ACTION ITEM —
Read the lines below. Copy out any that hold the string "define".
(EXTRACTED RECORDS)
(* Let $N$ be a positive integer, $a,b,c\in\mathbb{R}$ with $a\neq0$, $W=[w_{ij}]\in\mathbb{R}^{N\times N}$ with $w_{ii}=0$ for all $i$, $\Delta=\mathrm{diag}(\delta_1,\dots,\delta_N)$ with $\delta_i\in\{0,1\}$, and $h>0$. Put $\Phi_s=e^{ah}I_N+\frac{c}{a}(e^{ah}-1)W$ and $\Psi_s=\frac{b}{a}(e^{ah}-1)\Delta$. If the continuous-time system $\dot X(t)=(aI_N+cW)X(t)+b\Delta U(t)$ is controllable, then the discrete-time system $X(k+1)=\Phi_sX(k)+\Psi_sU(k)$ is controllable.
   Context: The discrete system is the periodic sampling (period $h$, zero-order hold) of the continuous one. The continuous-time system is controllable in the usual sense (equivalently $\mathrm{rank}[sI_N-(aI_N+cW),\ b\Delta]=N$ for all $s\in\mathbb{C}$). The discrete-time system is called controllable if every initial state can be steered to the origin in finitely many steps. *)

theory Defs
  imports "HOL-Analysis.Analysis"
begin

definition diag_mat :: "real ^ 'n \<Rightarrow> real ^ 'n ^ 'n" where
  "diag_mat d = (\<chi> i j. if i = j then d $ i else 0)"

definition ct_controllable :: "real ^ 'n ^ 'n \<Rightarrow> real ^ 'm ^ 'n \<Rightarrow> bool" where
  "ct_controllable A B \<longleftrightarrow>
     (\<forall>x0. \<exists>T u x. T \<ge> 0 \<and> continuous_on {0..T} u \<and>
        x 0 = x0 \<and> x T = 0 \<and>
        (\<forall>t\<in>{0..T}. (x has_vector_derivative (A *v x t + B *v u t)) (at t within {0..T})))"

fun dt_state :: "real ^ 'n ^ 'n \<Rightarrow> real ^ 'm ^ 'n \<Rightarrow> real ^ 'n \<Rightarrow> (nat \<Rightarrow> real ^ 'm) \<Rightarrow> nat \<Rightarrow> real ^ 'n" where
  "dt_state Phi Psi x0 u 0 = x0"
| "dt_state Phi Psi x0 u (Suc k) = Phi *v dt_state Phi Psi x0 u k + Psi *v u k"

definition dt_controllable :: "real ^ 'n ^ 'n \<Rightarrow> real ^ 'm ^ 'n \<Rightarrow> bool" where
  "dt_controllable Phi Psi \<longleftrightarrow> (\<forall>x0. \<exists>k u. dt_state Phi Psi x0 u k = 0)"

end

theory Submission
  imports Defs
begin

text \<open>
  With \<open>\<kappa> = (e\<^sup>a\<^sup>h - 1) / a \<noteq> 0\<close> the sampled system is \<open>\<Phi> = I + \<kappa> A\<close>, \<open>\<Psi> = \<kappa> B\<close>
  for \<open>A = a I + c W\<close>, \<open>B = b \<Delta>\<close>. The states reachable from 0 by the discrete system
  form an increasing chain of subspaces whose union is invariant under \<open>\<Phi>\<close>, hence under \<open>A\<close>,
  and contains the range of \<open>\<Psi>\<close>, hence of \<open>B\<close>. Such a subspace \<open>S\<close> must be the whole
  space: projecting along \<open>S\<close>, the transverse part of any continuous trajectory obeys an
  autonomous linear ODE, and by a Gronwall estimate it cannot reach 0 in finite time unless it
  starts at 0. By finite dimensionality some finite horizon already reaches every state, and
  linearity turns this into steering every state to the origin.
\<close>

lemma linear_ode_backward_unique:
  fixes z :: "real \<Rightarrow> 'a::real_inner" and L :: "'a \<Rightarrow> 'a"
  assumes L: "bounded_linear L" and "0 \<le> T"
    and z': "\<And>t. t \<in> {0..T} \<Longrightarrow> (z has_vector_derivative L (z t)) (at t within {0..T})"
    and "z T = 0"
  shows "z 0 = 0"
proof -
  obtain C where C: "\<And>x. norm (L x) \<le> norm x * C"
    using bounded_linear.pos_bounded[OF L] by blast
  define g where "g t = exp (2 * C * t) * (z t \<bullet> z t)" for t
  have "continuous_on {0..T} z"
    using z' has_vector_derivative_continuous continuous_on_eq_continuous_within by blast
  then have "continuous_on {0..T} g"
    unfolding g_def by (intro continuous_intros)
  then have "g 0 \<le> g T"
  proof (rule DERIV_nonneg_imp_increasing_open[OF \<open>0 \<le> T\<close>, rotated])
    fix t assume t: "0 < t" "t < T"
    then have "(z has_vector_derivative L (z t)) (at t)"
      using z'[of t] at_within_Icc_at[of 0 t T] by simp
    then have "((\<lambda>t. z t \<bullet> z t) has_real_derivative 2 * (z t \<bullet> L (z t))) (at t)"
      using bounded_bilinear.has_vector_derivative[OF bounded_bilinear_inner]
      by (fastforce simp: has_real_derivative_iff_has_vector_derivative inner_commute)
    then have "(g has_real_derivative
        exp (2 * C * t) * (2 * (C * (z t \<bullet> z t) + z t \<bullet> L (z t)))) (at t)"
      unfolding g_def by (auto intro!: derivative_eq_intros simp: algebra_simps)
    moreover have "\<bar>z t \<bullet> L (z t)\<bar> \<le> C * (z t \<bullet> z t)"
      using Cauchy_Schwarz_ineq2[of "z t" "L (z t)"] mult_left_mono[OF C[of "z t"], of "norm (z t)"]
      by (simp add: power2_norm_eq_inner[symmetric] power2_eq_square algebra_simps)
    ultimately show "\<exists>y. (g has_real_derivative y) (at t) \<and> 0 \<le> y"
      by force
  qed
  then have "z 0 \<bullet> z 0 \<le> 0"
    using \<open>z T = 0\<close> by (simp add: g_def)
  then show "z 0 = 0"
    by (metis inner_eq_zero_iff inner_ge_zero order_antisym)
qed

lemma linear_projection_along_subspace:
  fixes S :: "'a::euclidean_space set"
  assumes "subspace S"
  obtains Q where "linear Q" and "\<And>s. s \<in> S \<Longrightarrow> Q s = 0" and "\<And>x. x - Q x \<in> S"
proof -
  obtain B where "pairwise orthogonal B" and "B \<subseteq> S" and span_B: "span B = S"
    using orthogonal_basis_subspace[OF assms] by metis
  define P where "P x = (\<Sum>b\<in>B. (b \<bullet> x / (b \<bullet> b)) *\<^sub>R b)" for x
  have "linear P"
    unfolding P_def linear_iff
    by (simp add: inner_add_right scaleR_sum_right add_divide_distrib scaleR_add_left sum.distrib)
  have P_in: "P x \<in> S" for x
    unfolding P_def using \<open>B \<subseteq> S\<close> assms
    by (auto intro!: subspace_sum subspace_scale)
  have "x - P x = 0" if "x \<in> S" for x
  proof -
    have "x - P x \<in> span B"
      using that P_in assms subspace_diff span_B by blast
    then have "orthogonal (x - P x) (x - P x)"
      unfolding P_def by (rule Gram_Schmidt_step[OF \<open>pairwise orthogonal B\<close>])
    then show ?thesis
      by (simp only: orthogonal_self)
  qed
  moreover have "linear (\<lambda>x. x - P x)"
    using \<open>linear P\<close> by (simp add: linear_compose_sub linear_id[unfolded id_def])
  ultimately show thesis
    using that[of "\<lambda>x. x - P x"] P_in by simp
qed

lemma ct_controllable_invariant_subspace_eq_UNIV:
  fixes A :: "real ^ 'n ^ 'n" and B :: "real ^ 'm ^ 'n"
  assumes "ct_controllable A B" and "subspace S"
    and A_S: "\<And>x. x \<in> S \<Longrightarrow> A *v x \<in> S" and B_S: "\<And>v. B *v v \<in> S"
  shows "S = UNIV"
proof (rule ccontr)
  assume "S \<noteq> UNIV"
  then obtain x0 where "x0 \<notin> S"
    by auto
  obtain Q where "linear Q" and Q_S: "\<And>s. s \<in> S \<Longrightarrow> Q s = 0" and QS: "\<And>y. y - Q y \<in> S"
    using linear_projection_along_subspace[OF \<open>subspace S\<close>] by blast
  from assms(1) obtain T u x where "0 \<le> T" "x 0 = x0" "x T = 0"
    and x': "\<And>t. t \<in> {0..T} \<Longrightarrow>
      (x has_vector_derivative A *v x t + B *v u t) (at t within {0..T})"
    unfolding ct_controllable_def by blast
  have Q_dynamics: "Q (A *v y + B *v v) = Q (A *v Q y)" for y v
  proof -
    have "A *v (y - Q y) + B *v v \<in> S"
      using A_S B_S QS subspace_add[OF \<open>subspace S\<close>] by blast
    have "Q (A *v y + B *v v) = Q (A *v Q y + (A *v (y - Q y) + B *v v))"
      by (simp add: matrix_vector_mult_diff_distrib)
    also have "\<dots> = Q (A *v Q y)"
      using linear_add[OF \<open>linear Q\<close>] Q_S[OF \<open>A *v (y - Q y) + B *v v \<in> S\<close>] by simp
    finally show ?thesis .
  qed
  have "bounded_linear Q"
    using \<open>linear Q\<close> linear_conv_bounded_linear by blast
  have "Q (x 0) = 0"
  proof (rule linear_ode_backward_unique[OF _ \<open>0 \<le> T\<close>])
    show "bounded_linear (\<lambda>y. Q (A *v y))"
      using linear_compose[OF matrix_vector_mul_linear \<open>linear Q\<close>]
      by (simp add: o_def linear_conv_bounded_linear)
    show "((\<lambda>t. Q (x t)) has_vector_derivative Q (A *v Q (x t))) (at t within {0..T})"
      if "t \<in> {0..T}" for t
      using bounded_linear.has_vector_derivative[OF \<open>bounded_linear Q\<close> x'[OF that]] Q_dynamics
      by simp
    show "Q (x T) = 0"
      using \<open>x T = 0\<close> linear_0[OF \<open>linear Q\<close>] by simp
  qed
  then show False
    using QS[of x0] \<open>x 0 = x0\<close> \<open>x0 \<notin> S\<close> by simp
qed

lemma dt_state_cong:
  "(\<And>j. j < k \<Longrightarrow> u j = v j) \<Longrightarrow> dt_state Phi Psi x u k = dt_state Phi Psi x v k"
  by (induction k) auto

lemma dt_state_Suc_shift:
  "dt_state Phi Psi x u (Suc k) = dt_state Phi Psi (Phi *v x + Psi *v u 0) (\<lambda>j. u (Suc j)) k"
  by (induction k) auto

lemma dt_state_add:
  "dt_state Phi Psi (x + y) (\<lambda>j. u j + v j) k = dt_state Phi Psi x u k + dt_state Phi Psi y v k"
  by (induction k) (auto simp: algebra_simps)

lemma dt_state_scaleR:
  "dt_state Phi Psi (c *\<^sub>R x) (\<lambda>j. c *\<^sub>R u j) k = c *\<^sub>R dt_state Phi Psi x u k"
  by (induction k) (auto simp: algebra_simps)

definition dt_reachable :: "real ^ 'n ^ 'n \<Rightarrow> real ^ 'm ^ 'n \<Rightarrow> nat \<Rightarrow> (real ^ 'n) set" where
  "dt_reachable Phi Psi k = range (\<lambda>u. dt_state Phi Psi 0 u k)"

lemma dt_reachableI: "y = dt_state Phi Psi 0 u k \<Longrightarrow> y \<in> dt_reachable Phi Psi k"
  unfolding dt_reachable_def by blast

lemma subspace_dt_reachable: "subspace (dt_reachable Phi Psi k)"
  unfolding subspace_def
proof safe
  show "0 \<in> dt_reachable Phi Psi k"
    using dt_state_scaleR[of Phi Psi 0 0 "\<lambda>_. 0" k] by (intro dt_reachableI) simp
next
  fix x y assume "x \<in> dt_reachable Phi Psi k" "y \<in> dt_reachable Phi Psi k"
  then obtain u v where "x = dt_state Phi Psi 0 u k" "y = dt_state Phi Psi 0 v k"
    unfolding dt_reachable_def by blast
  then show "x + y \<in> dt_reachable Phi Psi k"
    using dt_state_add[of Phi Psi 0 0 u v k]
    by (intro dt_reachableI[where u = "\<lambda>j. u j + v j"]) simp
next
  fix c x assume "x \<in> dt_reachable Phi Psi k"
  then obtain u where "x = dt_state Phi Psi 0 u k"
    unfolding dt_reachable_def by blast
  then show "c *\<^sub>R x \<in> dt_reachable Phi Psi k"
    using dt_state_scaleR[of Phi Psi c 0 u k]
    by (intro dt_reachableI[where u = "\<lambda>j. c *\<^sub>R u j"]) simp
qed

lemma mono_dt_reachable: "mono (dt_reachable Phi Psi)"
  unfolding mono_iff_le_Suc
proof (intro allI subsetI)
  fix k y assume "y \<in> dt_reachable Phi Psi k"
  then obtain u where "y = dt_state Phi Psi 0 u k"
    unfolding dt_reachable_def by blast
  then have "y = dt_state Phi Psi 0 (case_nat 0 u) (Suc k)"
    by (simp only: dt_state_Suc_shift) simp
  then show "y \<in> dt_reachable Phi Psi (Suc k)"
    by (rule dt_reachableI)
qed

lemma dt_reachable_Phi:
  assumes "y \<in> dt_reachable Phi Psi k"
  shows "Phi *v y \<in> dt_reachable Phi Psi (Suc k)"
proof -
  obtain u where "y = dt_state Phi Psi 0 u k"
    using assms unfolding dt_reachable_def by blast
  also have "\<dots> = dt_state Phi Psi 0 (u(k := 0)) k"
    by (rule dt_state_cong) simp
  finally have "Phi *v y = dt_state Phi Psi 0 (u(k := 0)) (Suc k)"
    by simp
  then show ?thesis
    by (rule dt_reachableI)
qed

lemma dt_reachable_Psi: "Psi *v v \<in> dt_reachable Phi Psi (Suc 0)"
  by (rule dt_reachableI[where u = "\<lambda>_. v"]) simp

lemma dt_controllable_if_dt_reachable_eq_UNIV:
  assumes "dt_reachable Phi Psi k = UNIV"
  shows "dt_controllable Phi Psi"
  unfolding dt_controllable_def
proof
  fix x0
  have "- dt_state Phi Psi x0 (\<lambda>_. 0) k \<in> dt_reachable Phi Psi k"
    using assms by simp
  then obtain u where u: "- dt_state Phi Psi x0 (\<lambda>_. 0) k = dt_state Phi Psi 0 u k"
    unfolding dt_reachable_def by blast
  have "dt_state Phi Psi x0 u k = dt_state Phi Psi x0 (\<lambda>_. 0) k + dt_state Phi Psi 0 u k"
    using dt_state_add[of Phi Psi x0 0 "\<lambda>_. 0" u k] by simp
  then have "dt_state Phi Psi x0 u k = 0"
    by (simp flip: u)
  then show "\<exists>k u. dt_state Phi Psi x0 u k = 0"
    by blast
qed

lemma mono_subspace_chain_stabilizes:
  fixes R :: "nat \<Rightarrow> 'a::euclidean_space set"
  assumes "mono R" and "\<And>k. subspace (R k)"
  obtains K where "(\<Union>k. R k) = R K"
proof -
  obtain B where "B \<subseteq> (\<Union>k. R k)" "independent B" and span_B: "(\<Union>k. R k) \<subseteq> span B"
    using maximal_independent_subset by blast
  then have "\<forall>b\<in>B. \<exists>k. b \<in> R k"
    by blast
  then obtain f where f: "\<And>b. b \<in> B \<Longrightarrow> b \<in> R (f b)"
    by metis
  define K where "K = Max (f ` B)"
  have "finite B"
    using \<open>independent B\<close> independent_imp_finite by blast
  have "B \<subseteq> R K"
  proof
    fix b assume "b \<in> B"
    then have "f b \<le> K"
      unfolding K_def using \<open>finite B\<close> by simp
    then show "b \<in> R K"
      using f[OF \<open>b \<in> B\<close>] monoD[OF \<open>mono R\<close>] by blast
  qed
  then have "(\<Union>k. R k) \<subseteq> R K"
    using span_B span_minimal[OF _ assms(2)] by blast
  then show thesis
    using that by blast
qed

lemma ct_controllable_imp_dt_controllable:
  fixes A :: "real ^ 'n ^ 'n" and B :: "real ^ 'm ^ 'n"
  assumes "ct_controllable A B" and "\<kappa> \<noteq> 0"
  shows "dt_controllable (mat 1 + \<kappa> *\<^sub>R A) (\<kappa> *\<^sub>R B)"
proof -
  let ?R = "dt_reachable (mat 1 + \<kappa> *\<^sub>R A) (\<kappa> *\<^sub>R B)"
  obtain K where K: "(\<Union>k. ?R k) = ?R K"
    using mono_subspace_chain_stabilizes[OF mono_dt_reachable subspace_dt_reachable] by blast
  have "?R K = UNIV"
  proof (rule ct_controllable_invariant_subspace_eq_UNIV[OF assms(1) subspace_dt_reachable])
    fix x assume "x \<in> ?R K"
    then have "(mat 1 + \<kappa> *\<^sub>R A) *v x \<in> ?R K"
      using dt_reachable_Phi K by blast
    then have "(1 / \<kappa>) *\<^sub>R ((mat 1 + \<kappa> *\<^sub>R A) *v x - x) \<in> ?R K"
      using \<open>x \<in> ?R K\<close> by (intro subspace_scale subspace_diff subspace_dt_reachable)
    then show "A *v x \<in> ?R K"
      using \<open>\<kappa> \<noteq> 0\<close>
      by (simp add: matrix_vector_mult_add_rdistrib scaleR_matrix_vector_assoc[symmetric])
  next
    fix v
    have "(\<kappa> *\<^sub>R B) *v v \<in> ?R K"
      using dt_reachable_Psi K by blast
    then have "(1 / \<kappa>) *\<^sub>R ((\<kappa> *\<^sub>R B) *v v) \<in> ?R K"
      by (intro subspace_scale subspace_dt_reachable)
    then show "B *v v \<in> ?R K"
      using \<open>\<kappa> \<noteq> 0\<close> by (simp add: scaleR_matrix_vector_assoc[symmetric])
  qed
  then show ?thesis
    by (rule dt_controllable_if_dt_reachable_eq_UNIV)
qed

theorem corollary9:
  fixes a b c h :: real and W :: "real ^ 'n ^ 'n" and \<delta> :: "real ^ 'n"
  assumes "a \<noteq> 0"
    and "\<forall>i. W $ i $ i = 0"
    and "\<forall>i. \<delta> $ i \<in> {0, 1}"
    and "h > 0"
    and "ct_controllable (a *\<^sub>R mat 1 + c *\<^sub>R W) (b *\<^sub>R diag_mat \<delta>)"
  shows "dt_controllable
           (exp (a * h) *\<^sub>R mat 1 + ((c / a) * (exp (a * h) - 1)) *\<^sub>R W)
           (((b / a) * (exp (a * h) - 1)) *\<^sub>R diag_mat \<delta>)"
proof -
  define \<kappa> where "\<kappa> = (exp (a * h) - 1) / a"
  have "\<kappa> \<noteq> 0"
    using \<open>a \<noteq> 0\<close> \<open>h > 0\<close> by (simp add: \<kappa>_def)
  have Phi: "exp (a * h) *\<^sub>R mat 1 + ((c / a) * (exp (a * h) - 1)) *\<^sub>R W
      = mat 1 + \<kappa> *\<^sub>R (a *\<^sub>R mat 1 + c *\<^sub>R W)"
    using \<open>a \<noteq> 0\<close> by (simp add: \<kappa>_def vec_eq_iff mat_def field_simps)
  have Psi: "((b / a) * (exp (a * h) - 1)) *\<^sub>R diag_mat \<delta> = \<kappa> *\<^sub>R (b *\<^sub>R diag_mat \<delta>)"
    by (simp add: \<kappa>_def)
  show ?thesis
    unfolding Phi Psi by (rule ct_controllable_imp_dt_controllable[OF assms(5) \<open>\<kappa> \<noteq> 0\<close>])
qed

end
(End EXTRACTED RECORDS)
WRITTEN SOLUTION —
  define g where "g t = exp (2 * C * t) * (z t \<bullet> z t)" for t
  define P where "P x = (\<Sum>b\<in>B. (b \<bullet> x / (b \<bullet> b)) *\<^sub>R b)" for x
  define K where "K = Max (f ` B)"
  define \<kappa> where "\<kappa> = (exp (a * h) - 1) / a"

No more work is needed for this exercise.